# Earthworms...



## tison 30 (Feb 29, 2008)

I have 4 2inch rbp's in a 75G and they dont really eat anything but earthworms...i got pellets they look at them then swim away so when they sat in the water a while i squeezed them so they sink they bump into them but dont eat them...I have dried krill that the dont touch the only time they took a bit out of it was when i left a piece in over nigh...I gave them catfish that i got at the river they played with it took a few bites but then lost intrest..I throw in an earthworm they hit it right as it goes in the tank..idk what to do, I know i have to feed them 2 times a day so i didnt really want to skip out on feeding them for a day then throw in something and see what happens...What do you guys think try not feeding a day and turn the temp to 70 something...i keep it at about 80....O and ill be picking up some shrimp today after work since i work at a grocery store and hey if they dont like it then ill eat it haha...but What do you guys think.

Ill post it here since i already have a new topic going but do your guys P's turn sideways and rub stuff haha idk if somethings up but they pretty much started after they got use to the tank..but hey ill ask incase somethings up.

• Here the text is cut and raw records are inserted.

lemma exists_cube_maximiser:
  fixes A :: "('a::{euclidean_space,real_normed_field})^'m^'n"
  shows "\<exists>v. (\<forall>j. norm (v $ j) \<le> 1) \<and> op_norm \<infinity> 1 A \<le> lp_norm 1 (A *v v)"
proof -
  define B where "B = {x :: 'a^'m. \<forall>j. norm (x $ j) \<le> 1}"
  have "bounded B"
  proof (rule boundedI)
    fix x assume "x \<in> B"
    then have "norm x \<le> (\<Sum>j\<in>UNIV. norm (x $ j))"
      by (simp add: norm_vec_def L2_set_le_sum)
    also have "\<dots> \<le> real CARD('m)"
      using \<open>x \<in> B\<close> sum_mono[of UNIV "\<lambda>j. norm (x $ j)" "\<lambda>_. 1"] by (simp add: B_def)
    finally show "norm x \<le> real CARD('m)" .
  qed
  moreover have "closed B"
    unfolding B_def
    by (intro closed_Collect_all closed_Collect_le continuous_on_norm continuous_on_const
        linear_continuous_on bounded_linear_vec_nth)
  moreover have "vec 1 \<in> B"
    by (simp add: B_def)
  moreover have "continuous_on B (\<lambda>x. lp_norm 1 (A *v x))"
    unfolding lp_norm_1
    by (intro continuous_on_sum continuous_on_norm linear_continuous_on
        bounded_linear_compose[OF bounded_linear_vec_nth matrix_vector_mul_bounded_linear])
  ultimately obtain v where v: "v \<in> B" and max: "\<And>y. y \<in> B \<Longrightarrow> lp_norm 1 (A *v y) \<le> lp_norm 1 (A *v v)"
    using continuous_attains_sup[of B "\<lambda>x. lp_norm 1 (A *v x)"] compact_eq_bounded_closed by blast
  have "op_norm \<infinity> 1 A \<le> lp_norm 1 (A *v v)"
  proof (rule op_norm_le)
    fix x :: "'a^'m" assume "x \<noteq> 0"
    define c where "c = lp_norm \<infinity> x"
    have c: "0 < c"
      unfolding c_def using lp_norm_pos[OF _ \<open>x \<noteq> 0\<close>] by simp
    have "(1 / c) *\<^sub>R x \<in> B"
      using c norm_nth_le_lp_norm_infinity[of x] by (simp add: B_def c_def divide_le_eq)
    then have "lp_norm 1 (A *v x) / c \<le> lp_norm 1 (A *v v)"
      using max[OF \<open>(1 / c) *\<^sub>R x \<in> B\<close>] lp_norm_1_mv_scaleR[of A "1 / c" x] c by simp
    then show "lp_norm 1 (A *v x) \<le> lp_norm 1 (A *v v) * lp_norm \<infinity> x"
      using c by (simp add: c_def divide_le_eq mult.commute)
  qed simp
  then show ?thesis
    using v by (auto simp: B_def)
qed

I get off at 8est time so thats when ill be back on.


----------



## TobiasRieper (Mar 14, 2008)

It should be ok to not feed your p's for a day. Keep trying different food and eventually theyll eat something other than earthworms.


----------



## Retaks (Apr 6, 2008)

Mine are starting to be picky since i gave them wax worms. They wont eat anything else for a day or 2 after they have wax worms. I never tryed Earthworms just wax worms since i have a large supply in my basement for Trout fishing. Im goin trout fishing for the last time Sat and still ahve about 1500 worms left.


----------



## tison 30 (Feb 29, 2008)

Haha mine dont eat wax worms, i threw in 2 after trout fishing also but no luck..try a worm..mine go ape shet over them.


----------



## Guest (May 23, 2008)

Tison said:


> Mine are starting to be picky since i gave them wax worms. They wont eat anything else for a day or 2 after they have wax worms.


Wax worms are very high in fat. That may be why they don't eat for a while after eating wax worms.


----------



## tison 30 (Feb 29, 2008)

O great...I didnt think earthworms were that good..but ill still try to change it up and see what happens.


----------



## notaverage (Sep 10, 2005)

Thats interesting I never knew they were fatty.

ANyway,
Stop feeding them for a few days.
They will learn to eat what you feed them MOST of the time...jsut dont wait too long so they dont attack each other.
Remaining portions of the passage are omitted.